**Prompt:** Taking the first line of the listing as the start and the line containing "gives the recurrence" as the end, reproduce everything in between exactly, both ends included.

[Extracted material — start]

text \<open>Write \<open>J(w)\<close> for the state sum of the closure of \<open>w\<close>.  Expanding one letter
  \<open>x_i^c\<close> (\<open>c = \<plusminus>1\<close>) gives \<open>J(u x_i^c v) = s^c J(u v) + s^(2c) E(u, v)\<close>, where \<open>E\<close> collects
  the states smoothing that letter horizontally.  A horizontal smoothing next to another
  horizontally smoothed \<open>x_i\<close> closes off a small loop, which yields the kink rule
  \<open>E(u x_i^c, v) = -s^(3c) E(u, v)\<close>.  Eliminating \<open>E\<close> gives the recurrence
  \<open>V(e+2) = s^4 V(e) + (s^3 - s) V(e+1)\<close>.  Its coefficients only raise degrees, so polynomiality
  in \<open>s\<close> propagates upwards from two consecutive exponents, and for \<open>k \<ge> 2\<close> the constant term of
  \<open>V(e+k)\<close> vanishes, so \<open>V(e+k) \<noteq> 1\<close>.  Read backwards, the recurrence expresses \<open>V(e-2)\<close>
  through \<open>V(e)\<close> and \<open>V(e-1)\<close> with coefficients \<open>s^-4\<close> and \<open>s^-3 - s^-1\<close>, which gives (b).

  The loop counts behind the two rules come from collapsing the graph of the smoothed closure onto
  a smaller one: a vertically smoothed letter merges two adjacent levels, and the small loop of a
  kink becomes a single isolated point.\<close>

section \<open>Connected components under a collapsing map\<close>

lemma rtrancl_sym_map:
  assumes edge_map: "\<And>a b. (a, b) \<in> E \<Longrightarrow> \<phi> a = \<phi> b \<or> (\<phi> a, \<phi> b) \<in> F"
    and path: "(a, b) \<in> (E \<union> E\<inverse>)\<^sup>*"
  shows "(\<phi> a, \<phi> b) \<in> (F \<union> F\<inverse>)\<^sup>*"
  using path
proof (induction rule: rtrancl_induct)
  case (step y z)
  have "(\<phi> y, \<phi> z) \<in> (F \<union> F\<inverse>)\<^sup>*"
    using step.hyps(2) edge_map[of y z] edge_map[of z y] by auto
  with step.IH show ?case by (rule rtrancl_trans)
qed simp

lemma rtrancl_sym_lift:
  assumes closed: "E \<subseteq> A \<times> A"
    and edge_lift: "\<And>c d. (c, d) \<in> F \<Longrightarrow> \<exists>a b. (a, b) \<in> E \<and> \<phi> a = c \<and> \<phi> b = d"
    and fibres: "\<And>a b. a \<in> A \<Longrightarrow> b \<in> A \<Longrightarrow> \<phi> a = \<phi> b \<Longrightarrow> (a, b) \<in> (E \<union> E\<inverse>)\<^sup>*"
    and path: "(\<phi> a, \<phi> b) \<in> (F \<union> F\<inverse>)\<^sup>*" and a: "a \<in> A" and b: "b \<in> A"
  shows "(a, b) \<in> (E \<union> E\<inverse>)\<^sup>*"
proof -
  have "\<exists>b'\<in>A. \<phi> b' = c \<and> (a, b') \<in> (E \<union> E\<inverse>)\<^sup>*" if "(\<phi> a, c) \<in> (F \<union> F\<inverse>)\<^sup>*" for c
    using that
  proof (induction rule: rtrancl_induct)
    case base
    show ?case using a by blast
  next
    case (step y z)
    then obtain b' where b': "b' \<in> A" "\<phi> b' = y" "(a, b') \<in> (E \<union> E\<inverse>)\<^sup>*"
      by blast
    from step.hyps(2) edge_lift obtain y' z' where
      "(y', z') \<in> E \<union> E\<inverse>" "\<phi> y' = y" "\<phi> z' = z"
      by (metis UnE UnI1 UnI2 converseD converseI)
    moreover from this(1) closed have "y' \<in> A" "z' \<in> A" by auto
    ultimately have "(a, z') \<in> (E \<union> E\<inverse>)\<^sup>*"
      using b' fibres[of b' y'] by (meson r_into_rtrancl rtrancl_trans)
    with \<open>z' \<in> A\<close> \<open>\<phi> z' = z\<close> show ?case by blast
  qed
  then obtain b' where "b' \<in> A" "\<phi> b' = \<phi> b" "(a, b') \<in> (E \<union> E\<inverse>)\<^sup>*"
    using path by blast
  then show ?thesis using fibres b by (meson rtrancl_trans)
qed

lemma card_image_eq_if_same_kernel:
  assumes "\<And>x y. x \<in> A \<Longrightarrow> y \<in> A \<Longrightarrow> f x = f y \<longleftrightarrow> g x = g y"
  shows "card (f ` A) = card (g ` A)"
proof -
  let ?h = "\<lambda>y. g (inv_into A f y)"
  have h: "?h (f x) = g x" if "x \<in> A" for x
    using assms that by (meson f_inv_into_f image_eqI inv_into_into)
  have "inj_on ?h (f ` A)"
    by (rule inj_onI) (use assms h in auto)
  moreover have "?h ` f ` A = g ` A"
    using h by (auto simp: image_image)
  ultimately show ?thesis by (metis card_image)
qed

[Extracted material — finish]

**Expected answer:**
text \<open>Write \<open>J(w)\<close> for the state sum of the closure of \<open>w\<close>.  Expanding one letter
  \<open>x_i^c\<close> (\<open>c = \<plusminus>1\<close>) gives \<open>J(u x_i^c v) = s^c J(u v) + s^(2c) E(u, v)\<close>, where \<open>E\<close> collects
  the states smoothing that letter horizontally.  A horizontal smoothing next to another
  horizontally smoothed \<open>x_i\<close> closes off a small loop, which yields the kink rule
  \<open>E(u x_i^c, v) = -s^(3c) E(u, v)\<close>.  Eliminating \<open>E\<close> gives the recurrence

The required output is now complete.